The purpose of CA Prop 65, enacted in 1986, is to regulate substances officially listed by California as causing cancer or birth defects or other reproductive harm in two ways. First, by prohibiting businesses from knowingly discharging listed substances into drinking water sources or onto land where the substances can pass into drinking water sources and, second, by prohibiting businesses from knowingly exposing individuals to listed substances without providing a clear and reasonable warning. CA Prop 65 is similar to OSHA’s Material and Safety Data Sheet requirement, something architects and contractors are very familiar with. Neither is meant to be a tool for avoidance, but rather as a means to educate users about the contents of things they may come into contact with.
The list of chemicals in CA Prop 65 is long. So long, in fact, that very few businesses in California are exempt from posting the required public warning. Warnings are posted in nearly every business and in every building in the state.
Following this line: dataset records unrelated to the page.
lemma integral_power_mult_ls_comb:
  assumes "\<forall>(c, m, w) \<in> set T. pos_A_exps w" "s \<in> {0..pi / 3}"
  shows "integral {0..s} (\<lambda>t. t ^ l * ls_comb T t) =
    ls_comb (concat (map (\<lambda>(c, m, w). ibp_power c (l + m) w) T)) s"
  using assms(1)
proof (induction T)
  case (Cons p T)
  obtain c m w where p: "p = (c, m, w)"
    by (cases p)
  have w: "pos_A_exps w" and T: "\<forall>(c, m, w) \<in> set T. pos_A_exps w"
    using Cons.prems by (auto simp: p)
  have "continuous_on {0..s} (ls_comb [p])" "continuous_on {0..s} (ls_comb T)"
    using w T assms(2)
    by (intro continuous_on_subset[OF continuous_on_ls_comb];
        auto simp: p pos_A_exps_imp_nonneg)+
  then have "integral {0..s} (\<lambda>t. t ^ l * ls_comb [p] t + t ^ l * ls_comb T t) =
    integral {0..s} (\<lambda>t. t ^ l * ls_comb [p] t) + integral {0..s} (\<lambda>t. t ^ l * ls_comb T t)"
    by (intro integral_add integrable_continuous_interval continuous_intros)
  then have "integral {0..s} (\<lambda>t. t ^ l * ls_comb (p # T) t) =
    integral {0..s} (\<lambda>t. t ^ l * ls_comb [p] t) + integral {0..s} (\<lambda>t. t ^ l * ls_comb T t)"
    using ls_comb_append[of "[p]" T] by (simp add: distrib_left)
  also have "integral {0..s} (\<lambda>t. t ^ l * ls_comb [p] t) = ls_comb (ibp_power c (l + m) w) s"
    using integral_power_mult_ls_nested[OF w assms(2), of c "l + m"]
    by (simp add: p power_add mult_ac)
  finally show ?case
    using Cons.IH[OF T] by (simp add: p)
qed simp

lemma ls_nested_eq_ls_comb_pos:
  "nonneg_A_exps w \<Longrightarrow>
    \<exists>T. (\<forall>(c, m, v) \<in> set T. pos_A_exps v) \<and> (\<forall>s \<in> {0..pi / 3}. ls_nested w s = ls_comb T s)"
proof (induction w)
  case Nil
  show ?case
    by (intro exI[of _ "[(1, 0, [])]"]) simp
next
  case (Cons q w)
  obtain k l where q: "q = (k, l)"
    by force
  have kl: "l < k" and w: "nonneg_A_exps w"
    using Cons.prems by (simp_all add: q)
  obtain T where T: "\<forall>(c, m, v) \<in> set T. pos_A_exps v"
    and eq: "\<forall>s \<in> {0..pi / 3}. ls_nested w s = ls_comb T s"
    using Cons.IH[OF w] by (elim exE conjE) (rule that)
  have nested: "ls_nested (q # w) s = integral {0..s} (\<lambda>t. ls_kernel k l t * ls_comb T t)"
    if "s \<in> {0..pi / 3}" for s
  proof -
    have "ls_nested (q # w) s = integral {0..s} (\<lambda>t. ls_kernel k l t * ls_nested w t)"
      by (simp add: q ls_nested_Cons[OF kl])
    also have "\<dots> = integral {0..s} (\<lambda>t. ls_kernel k l t * ls_comb T t)"
      using eq that by (intro integral_cong) auto
    finally show ?thesis .
  qed
  show ?case
  proof (cases "l + 1 < k")
    case True
    have "\<forall>(c, m, v) \<in> set T. nonneg_A_exps v"
      using T by (auto intro: pos_A_exps_imp_nonneg)
    with T nested kl True show ?thesis
      by (intro exI[of _ "map (\<lambda>(c, m, v). (c, 0, (k + m, l + m) # v)) T"])
        (auto simp: integral_kernel_mult_ls_comb)
  next
    case False
    then have "ls_kernel k l t = t ^ l" for t
      using kl by (simp add: ls_kernel_def)
    with T nested show ?thesis
      by (intro exI[of _ "concat (map (\<lambda>(c, m, v). ibp_power c (l + m) v) T)"])
        (auto simp: integral_power_mult_ls_comb dest!: pos_A_exps_ibp_power)
  qed
qed

fun shuffle_list_prod :: "'a list list \<Rightarrow> 'a list list" where
  "shuffle_list_prod [] = [[]]"
| "shuffle_list_prod (w # ws) = concat (map (shuffle_list w) (shuffle_list_prod ws))"

lemma nonneg_A_exps_shuffle_list_prod:
  "\<forall>w \<in> set ws. nonneg_A_exps w \<Longrightarrow> v \<in> set (shuffle_list_prod ws) \<Longrightarrow> nonneg_A_exps v"
  by (induction ws arbitrary: v) (auto intro: nonneg_A_exps_shuffle_list)

lemma prod_list_ls_nested:
  assumes "\<forall>w \<in> set ws. nonneg_A_exps w" "s \<in> {0..pi / 3}"
  shows "(\<Prod>w\<leftarrow>ws. ls_nested w s) = (\<Sum>v\<leftarrow>shuffle_list_prod ws. ls_nested v s)"
  using assms(1)
proof (induction ws)
  case (Cons w ws)
  have "\<forall>v \<in> set (shuffle_list_prod ws). nonneg_A_exps v"
    using Cons.prems by (auto intro: nonneg_A_exps_shuffle_list_prod)
  moreover have "ls_nested w s * (\<Sum>v\<leftarrow>V. ls_nested v s) =
      (\<Sum>u\<leftarrow>concat (map (shuffle_list w) V). ls_nested u s)"
    if "\<forall>v \<in> set V. nonneg_A_exps v" for V
    using that Cons.prems assms(2) by (induction V) (auto simp: distrib_left ls_nested_mult_shuffle)
  ultimately show ?case
    using Cons by simp
qed simp

lemma sum_list_ls_nested_eq_ls_comb_pos:
  "\<forall>v \<in> set V. nonneg_A_exps v \<Longrightarrow>
    \<exists>T. (\<forall>(c, m, w) \<in> set T. pos_A_exps w) \<and>
      (\<forall>s \<in> {0..pi / 3}. (\<Sum>v\<leftarrow>V. ls_nested v s) = ls_comb T s)"
proof (induction V)
  case Nil
  show ?case
    by (intro exI[of _ "[]"]) simp
next
  case (Cons v V)
  obtain T where "\<forall>(c, m, w) \<in> set T. pos_A_exps w" "\<forall>s \<in> {0..pi / 3}. ls_nested v s = ls_comb T s"
    using Cons.prems ls_nested_eq_ls_comb_pos[of v] by auto
  moreover obtain U where "\<forall>(c, m, w) \<in> set U. pos_A_exps w"
    "\<forall>s \<in> {0..pi / 3}. (\<Sum>v\<leftarrow>V. ls_nested v s) = ls_comb U s"
    using Cons by auto
  ultimately show ?case
    by (intro exI[of _ "T @ U"]) auto
qed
For some good reading on the legal debacle that Prop 65 has created, go to this office of the attorney general link: http://ag.ca.gov/prop65/pdfs/G035101.pdf.
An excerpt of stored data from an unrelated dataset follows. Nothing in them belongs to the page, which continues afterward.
lemma grid_combination_tail_le:
  assumes n: "0 < n" and y: "0 \<le> y" and var: "(\<Sum>i<n. (c i)\<^sup>2 / real n) \<le> V"
  shows "measure M {\<omega> \<in> space M. y < (\<Sum>i<n. c i * grid_incr n i \<omega>)} \<le> exp (- y\<^sup>2 / (2 * V))"
proof (cases "\<exists>i<n. c i \<noteq> 0")
  case False
  then have "{\<omega> \<in> space M. y < (\<Sum>i<n. c i * grid_incr n i \<omega>)} = {}" using y by auto
  then show ?thesis by (simp only: measure_empty exp_ge_zero)
next
  case True
  let ?v = "\<Sum>i<n. (c i)\<^sup>2 / real n"
  have v: "0 < ?v" using True grid_combination_variance_pos[OF n] by blast
  have "measure M {\<omega> \<in> space M. y < (\<Sum>i<n. c i * grid_incr n i \<omega>)} \<le> exp (- y\<^sup>2 / (2 * (sqrt ?v)\<^sup>2))"
    using v by (intro normal_upper_tail_le[OF grid_combination_normal[OF n True] _ y]) auto
  also have "\<dots> \<le> exp (- y\<^sup>2 / (2 * V))"
    using v var by (simp add: frac_le)
  finally show ?thesis .
qed

lemma grid_combination_tail_ge:
  assumes n: "0 < n" and y: "0 \<le> y" and nz: "\<exists>i<n. c i \<noteq> 0"
  shows "normal_density 0 (sqrt (\<Sum>i<n. (c i)\<^sup>2 / real n)) (y + 1)
           \<le> measure M {\<omega> \<in> space M. y < (\<Sum>i<n. c i * grid_incr n i \<omega>)}"
  using nz grid_combination_variance_pos[OF n]
  by (intro normal_upper_tail_ge[OF grid_combination_normal[OF n nz] _ y]) auto

section \<open>Rises of Brownian motion over short intervals\<close>

definition rise_event :: "real \<Rightarrow> real \<Rightarrow> real \<Rightarrow> 'a set" where
  "rise_event a h z = {\<omega>\<in>space M. \<exists>s\<in>{a..a+h}. B a \<omega> + z < B s \<omega>}"

definition dyadic_rise_event :: "real \<Rightarrow> real \<Rightarrow> real \<Rightarrow> nat \<Rightarrow> 'a set" where
  "dyadic_rise_event a h z m = {\<omega>\<in>space M. \<exists>j\<le>(2::nat)^m. B a \<omega> + z < B (a + h * real j / 2^m) \<omega>}"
The document sums the absurdity of it all with:
“Dried paint. Furniture. Parking lots. Wiring.” Really? As the attorney general points out in the document’s opening brief, the global notices present a “laundry list of dozens of chemicals” and “many of the purported exposures are so unlikely as to be virtually imaginary.”
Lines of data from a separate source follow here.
(* Let $\mathbf{u}=(u_1,u_2)\in\mathbb{R}[x_1,x_2]_d^2$ and $p\in\Sigma[x_1,x_2]_{2d}$, and suppose $\nabla f_p(\mathbf{u})=0$ and $\nabla^2 f_p(\mathbf{u})\succeq 0$. If $$p\in\operatorname{im}(\mathcal{A}_{\mathbf{u}})+\operatorname{cone}\big(\sigma(\ker(\mathcal{A}_{\mathbf{u}}))\big),$$ then $f_p(\mathbf{u})=0$.
   Context: $\mathbb{R}[x_1,x_2]_n$ denotes the space of real binary forms of degree $n$, and $\Sigma[x_1,x_2]_{2d}$ the cone of sums of squares of binary forms of degree $d$. $\mathcal{A}_{\mathbf{u}}:\mathbb{R}[x_1,x_2]_d^2\to\mathbb{R}[x_1,x_2]_{2d}$ is the linear map $(v_1,v_2)\mapsto u_1v_1+u_2v_2$, and $\sigma:\mathbb{R}[x_1,x_2]_d^2\to\mathbb{R}[x_1,x_2]_{2d}$ is $(v_1,v_2)\mapsto v_1^2+v_2^2$; $\operatorname{cone}(S)$ is the convex cone generated by $S$ (nonnegative combinations). Fix any inner product $\langle\cdot,\cdot\rangle$ on $\mathbb{R}[x_1,x_2]_{2d}$ with norm $\|\cdot\|$ and let $f_p(\mathbf{u})=\|\sigma(\mathbf{u})-p\|^2$. Derivatives are with respect to the vector space $\mathbb{R}[x_1,x_2]_d^2$: $\nabla f_p(\mathbf{u})=0$ means $\langle\mathcal{A}_{\mathbf{u}}(\mathbf{v}),\sigma(\mathbf{u})-p\rangle=0$ for all $\mathbf{v}$, and $\nabla^2 f_p(\mathbf{u})\succeq0$ means $\langle\sigma(\mathbf{v}),\sigma(\mathbf{u})-p\rangle+2\|\mathcal{A}_{\mathbf{u}}(\mathbf{v})\|^2\ge0$ for all $\mathbf{v}\in\mathbb{R}[x_1,x_2]_d^2$. *)

theory Defs
  imports "HOL-Computational_Algebra.Polynomial"
begin

text \<open>Binary forms of degree n are encoded by their dehomogenisation:
  the form \<Sum> c_i x1^i x2^(n-i) corresponds to the univariate polynomial
  \<Sum> c_i x^i of degree at most n.  This is a linear bijection which is
  compatible with multiplication (forms of degree a times forms of degree b
  give forms of degree a+b).\<close>

definition forms :: "nat \<Rightarrow> real poly set" where
  "forms n = {q. degree q \<le> n}"

definition sos_forms :: "nat \<Rightarrow> real poly set" where
  "sos_forms d = {p. \<exists>qs. set qs \<subseteq> forms d \<and> p = sum_list (map (\<lambda>q. q ^ 2) qs)}"

definition A_map :: "real poly \<times> real poly \<Rightarrow> real poly \<times> real poly \<Rightarrow> real poly" where
  "A_map u v = fst u * fst v + snd u * snd v"

definition sigma :: "real poly \<times> real poly \<Rightarrow> real poly" where
  "sigma v = (fst v)\<^sup>2 + (snd v)\<^sup>2"

definition pairs :: "nat \<Rightarrow> (real poly \<times> real poly) set" where
  "pairs d = forms d \<times> forms d"

definition ker_A :: "nat \<Rightarrow> real poly \<times> real poly \<Rightarrow> (real poly \<times> real poly) set" where
  "ker_A d u = {v \<in> pairs d. A_map u v = 0}"

definition im_A :: "nat \<Rightarrow> real poly \<times> real poly \<Rightarrow> real poly set" where
  "im_A d u = A_map u ` pairs d"

definition cone_gen :: "real poly set \<Rightarrow> real poly set" where
  "cone_gen S = {x. \<exists>F c. finite F \<and> F \<subseteq> S \<and> (\<forall>y\<in>F. c y \<ge> 0) \<and>
                          x = (\<Sum>y\<in>F. smult (c y) y)}"

definition inner_product_on :: "real poly set \<Rightarrow> (real poly \<Rightarrow> real poly \<Rightarrow> real) \<Rightarrow> bool" where
  "inner_product_on V ip \<longleftrightarrow>
     (\<forall>x\<in>V. \<forall>y\<in>V. ip x y = ip y x) \<and>
     (\<forall>x\<in>V. \<forall>y\<in>V. \<forall>z\<in>V. ip (x + y) z = ip x z + ip y z) \<and>
     (\<forall>a. \<forall>x\<in>V. \<forall>y\<in>V. ip (smult a x) y = a * ip x y) \<and>
     (\<forall>x\<in>V. x \<noteq> 0 \<longrightarrow> ip x x > 0)"

definition f_obj :: "(real poly \<Rightarrow> real poly \<Rightarrow> real) \<Rightarrow> real poly \<Rightarrow> real poly \<times> real poly \<Rightarrow> real" where
  "f_obj ip p u = ip (sigma u - p) (sigma u - p)"

definition grad_zero :: "nat \<Rightarrow> (real poly \<Rightarrow> real poly \<Rightarrow> real) \<Rightarrow> real poly \<Rightarrow> real poly \<times> real poly \<Rightarrow> bool" where
  "grad_zero d ip p u \<longleftrightarrow> (\<forall>v\<in>pairs d. ip (A_map u v) (sigma u - p) = 0)"

definition hess_psd :: "nat \<Rightarrow> (real poly \<Rightarrow> real poly \<Rightarrow> real) \<Rightarrow> real poly \<Rightarrow> real poly \<times> real poly \<Rightarrow> bool" where
  "hess_psd d ip p u \<longleftrightarrow>
     (\<forall>v\<in>pairs d. ip (sigma v) (sigma u - p) + 2 * ip (A_map u v) (A_map u v) \<ge> 0)"

end

theory Submission
  imports Defs
begin

text \<open>Write \<open>r = \<sigma>(u) - p\<close> for the residual.  The first-order condition says that \<open>r\<close> is
  orthogonal to \<open>im A\<^sub>u\<close>, which contains \<open>\<sigma>(u) = A\<^sub>u(u)\<close>; on \<open>ker A\<^sub>u\<close> the second-order
  condition reduces to \<open>\<langle>\<sigma>(v), r\<rangle> \<ge> 0\<close>, so \<open>r\<close> pairs nonnegatively with the cone generated
  by \<open>\<sigma>(ker A\<^sub>u)\<close>.  Writing \<open>p = a + b\<close> accordingly,
  \<open>\<parallel>r\<parallel>\<^sup>2 = \<langle>\<sigma>(u), r\<rangle> - \<langle>a, r\<rangle> - \<langle>b, r\<rangle> = -\<langle>b, r\<rangle> \<le> 0\<close>.\<close>

lemma forms_zero: "0 \<in> forms n"
  unfolding forms_def by simp

lemma forms_add: "a \<in> forms n \<Longrightarrow> b \<in> forms n \<Longrightarrow> a + b \<in> forms n"
  unfolding forms_def using degree_add_le by auto

lemma forms_diff: "a \<in> forms n \<Longrightarrow> b \<in> forms n \<Longrightarrow> a - b \<in> forms n"
  unfolding forms_def using degree_diff_le by auto

lemma forms_smult: "a \<in> forms n \<Longrightarrow> smult c a \<in> forms n"
  unfolding forms_def using degree_smult_le le_trans by blast

lemma forms_mult: "a \<in> forms m \<Longrightarrow> b \<in> forms n \<Longrightarrow> a * b \<in> forms (m + n)"
  unfolding forms_def using degree_mult_le[of a b] by auto

lemma forms_sum_smult:
  "finite F \<Longrightarrow> F \<subseteq> forms n \<Longrightarrow> (\<Sum>y\<in>F. smult (c y) y) \<in> forms n"
  by (induction F rule: finite_induct) (auto intro: forms_add forms_smult forms_zero)

lemma cone_gen_subset_forms: "S \<subseteq> forms n \<Longrightarrow> cone_gen S \<subseteq> forms n"
  unfolding cone_gen_def using forms_sum_smult by blast

lemma A_map_in_forms: "u \<in> pairs d \<Longrightarrow> v \<in> pairs d \<Longrightarrow> A_map u v \<in> forms (2 * d)"
  unfolding A_map_def pairs_def mult_2 by (auto intro!: forms_add forms_mult)

lemma sigma_eq_A_map_self: "sigma u = A_map u u"
  unfolding sigma_def A_map_def power2_eq_square by simp

lemma sigma_in_forms: "v \<in> pairs d \<Longrightarrow> sigma v \<in> forms (2 * d)"
  unfolding sigma_eq_A_map_self by (rule A_map_in_forms)

lemma im_A_subset_forms: "u \<in> pairs d \<Longrightarrow> im_A d u \<subseteq> forms (2 * d)"
  unfolding im_A_def using A_map_in_forms by blast

lemma sigma_ker_A_subset_forms: "sigma ` ker_A d u \<subseteq> forms (2 * d)"
  unfolding ker_A_def using sigma_in_forms by blast

lemma ip_add_left:
  "inner_product_on V ip \<Longrightarrow> x \<in> V \<Longrightarrow> y \<in> V \<Longrightarrow> z \<in> V \<Longrightarrow> ip (x + y) z = ip x z + ip y z"
  unfolding inner_product_on_def by blast

lemma ip_smult_left:
  "inner_product_on V ip \<Longrightarrow> x \<in> V \<Longrightarrow> z \<in> V \<Longrightarrow> ip (smult a x) z = a * ip x z"
  unfolding inner_product_on_def by blast

lemma ip_zero_left:
  assumes "inner_product_on V ip" "0 \<in> V" "z \<in> V"
  shows "ip 0 z = 0"
  using ip_smult_left[OF assms, of 0] by simp

lemma ip_diff_left:
  assumes "inner_product_on V ip" "x - y \<in> V" "y \<in> V" "z \<in> V"
  shows "ip (x - y) z = ip x z - ip y z"
  using ip_add_left[OF assms] by simp

lemma ip_self_nonneg:
  assumes "inner_product_on V ip" "0 \<in> V" "x \<in> V"
  shows "ip x x \<ge> 0"
proof (cases "x = 0")
  case True
  then show ?thesis using ip_zero_left[OF assms(1,2,2)] by simp
next
  case False
  then show ?thesis using assms(1,3) unfolding inner_product_on_def by (meson less_imp_le)
qed

lemma ip_cone_gen_nonneg:
  assumes ip: "inner_product_on (forms n) ip" and S: "S \<subseteq> forms n" and z: "z \<in> forms n"
    and nonneg: "\<And>y. y \<in> S \<Longrightarrow> ip y z \<ge> 0" and b: "b \<in> cone_gen S"
  shows "ip b z \<ge> 0"
proof -
  obtain F c where F: "finite F" "F \<subseteq> S" "\<forall>y\<in>F. c y \<ge> 0"
    and b_eq: "b = (\<Sum>y\<in>F. smult (c y) y)"
    using b unfolding cone_gen_def by blast
  from F have "ip (\<Sum>y\<in>F. smult (c y) y) z \<ge> 0"
  proof (induction F rule: finite_induct)
    case empty
    show ?case using ip_zero_left[OF ip forms_zero z] by simp
  next
    case (insert y F)
    have y: "y \<in> forms n" and Fsub: "F \<subseteq> forms n" using insert.prems(1) S by auto
    have sum_in: "(\<Sum>x\<in>F. smult (c x) x) \<in> forms n"
      using forms_sum_smult[OF \<open>finite F\<close> Fsub] .
    have "ip (\<Sum>x\<in>insert y F. smult (c x) x) z = c y * ip y z + ip (\<Sum>x\<in>F. smult (c x) x) z"
      using insert.hyps ip_add_left[OF ip forms_smult[OF y] sum_in z] ip_smult_left[OF ip y z]
      by simp
    also have "\<dots> \<ge> 0"
      using insert nonneg by (simp add: subset_iff)
    finally show ?case .
  qed
  then show ?thesis using b_eq by simp
qed

lemma grad_zero_orthogonal_im_A:
  "grad_zero d ip p u \<Longrightarrow> a \<in> im_A d u \<Longrightarrow> ip a (sigma u - p) = 0"
  unfolding grad_zero_def im_A_def by blast

lemma hess_psd_on_ker_A:
  assumes "inner_product_on (forms (2 * d)) ip" "hess_psd d ip p u" "v \<in> ker_A d u"
  shows "ip (sigma v) (sigma u - p) \<ge> 0"
proof -
  have "v \<in> pairs d" "A_map u v = 0" using assms(3) unfolding ker_A_def by auto
  moreover have "ip 0 0 = 0" using ip_zero_left[OF assms(1) forms_zero forms_zero] .
  ultimately show ?thesis using assms(2) unfolding hess_psd_def by fastforce
qed

theorem proposition4p2:
  fixes d :: nat and ip :: "real poly \<Rightarrow> real poly \<Rightarrow> real"
    and u :: "real poly \<times> real poly" and p :: "real poly"
  assumes "inner_product_on (forms (2 * d)) ip"
    and "u \<in> pairs d"
    and "p \<in> sos_forms d"
    and "grad_zero d ip p u"
    and "hess_psd d ip p u"
    and "p \<in> {a + b | a b. a \<in> im_A d u \<and> b \<in> cone_gen (sigma ` ker_A d u)}"
  shows "f_obj ip p u = 0"
proof -
  note ip = assms(1)
  obtain a b where p: "p = a + b" and a: "a \<in> im_A d u" and b: "b \<in> cone_gen (sigma ` ker_A d u)"
    using assms(6) by blast
  define r where "r = sigma u - p"
  have a_in: "a \<in> forms (2 * d)" using a im_A_subset_forms[OF assms(2)] by blast
  have b_in: "b \<in> forms (2 * d)" using b cone_gen_subset_forms[OF sigma_ker_A_subset_forms] by blast
  have p_in: "p \<in> forms (2 * d)" using p forms_add[OF a_in b_in] by simp
  have r_in: "r \<in> forms (2 * d)" unfolding r_def using forms_diff sigma_in_forms[OF assms(2)] p_in by blast
  have "sigma u \<in> im_A d u"
    unfolding im_A_def sigma_eq_A_map_self using assms(2) by blast
  then have "ip (sigma u) r = 0" unfolding r_def by (rule grad_zero_orthogonal_im_A[OF assms(4)])
  moreover have "ip a r = 0" unfolding r_def using grad_zero_orthogonal_im_A[OF assms(4) a] .
  moreover have "ip b r \<ge> 0"
    using ip_cone_gen_nonneg[OF ip sigma_ker_A_subset_forms r_in _ b] hess_psd_on_ker_A[OF ip assms(5)]
    unfolding r_def by blast
  moreover have "ip r r = ip (sigma u) r - (ip a r + ip b r)"
    using ip_diff_left[OF ip r_in[unfolded r_def] p_in r_in] ip_add_left[OF ip a_in b_in r_in] p
    unfolding r_def by simp
  ultimately have "ip r r \<le> 0" by linarith
  with ip_self_nonneg[OF ip forms_zero r_in] show ?thesis unfolding f_obj_def r_def by simp
qed

end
The proposed credit fails to acknowledge that CA Prop 65 also has a list of chemicals that, below a particular threshold, pose no health risks. Contact with a chemical or chemicals from the list does not automatically mean there is any danger of the development of cancer or a birth defect. In fact, the Office of Environmental Health Hazard Assessment of the California Environmental Protection Agency publishes a “Safe Harbor” list of chemicals that pose no threat to human health based on exposure and are exempt from having to be reported in accordance with Prop 65. OEHHA recognizes that many of the chemicals on this list pose no significant risk levels for carcinogens and provide information on the maximum allowable dose levels for chemicals that cause reproductive toxicity. Some of the “safe harbor” chemicals on the list include:
- Vinyl chloride
Lots of things can cause cancer or birth defects-but not at any dose and every exposure. Remember the saccharine scare that began in the late 70s? In a 2007 article written on the 30-year anniversary of the FDA’s ban on saccharine Dr. Elizabeth Whelan, president of the American Council on Science and Health, wrote, “Irrational bans on chemicals are expensive and unproductive. When the next cancer scare comes our way, remember thirty years ago-when saccharin proved to be the ‘carcinogen’ we loved.”
Because there have been such significant changes introduced in the second draft of LEED 2012, I fully expect that the USGBC will be issuing a third draft for public comment. The major revisions to draft 1 were a direct result of the thousands of public comments the USGBC received. The radical, half-baked changes that are being proposed in the current draft add much more complexity and confusion to a rating system that most of us were finally getting comfortable with. I am not sure I can go along with USGBC’s proclamation that the changes signify a bold move toward leadership. If the rating system keeps going in this direction, it will be more difficult to understand and implement and any leadership position envisioned by the USGBC will be over an ever-shrinking pool of supporters and users.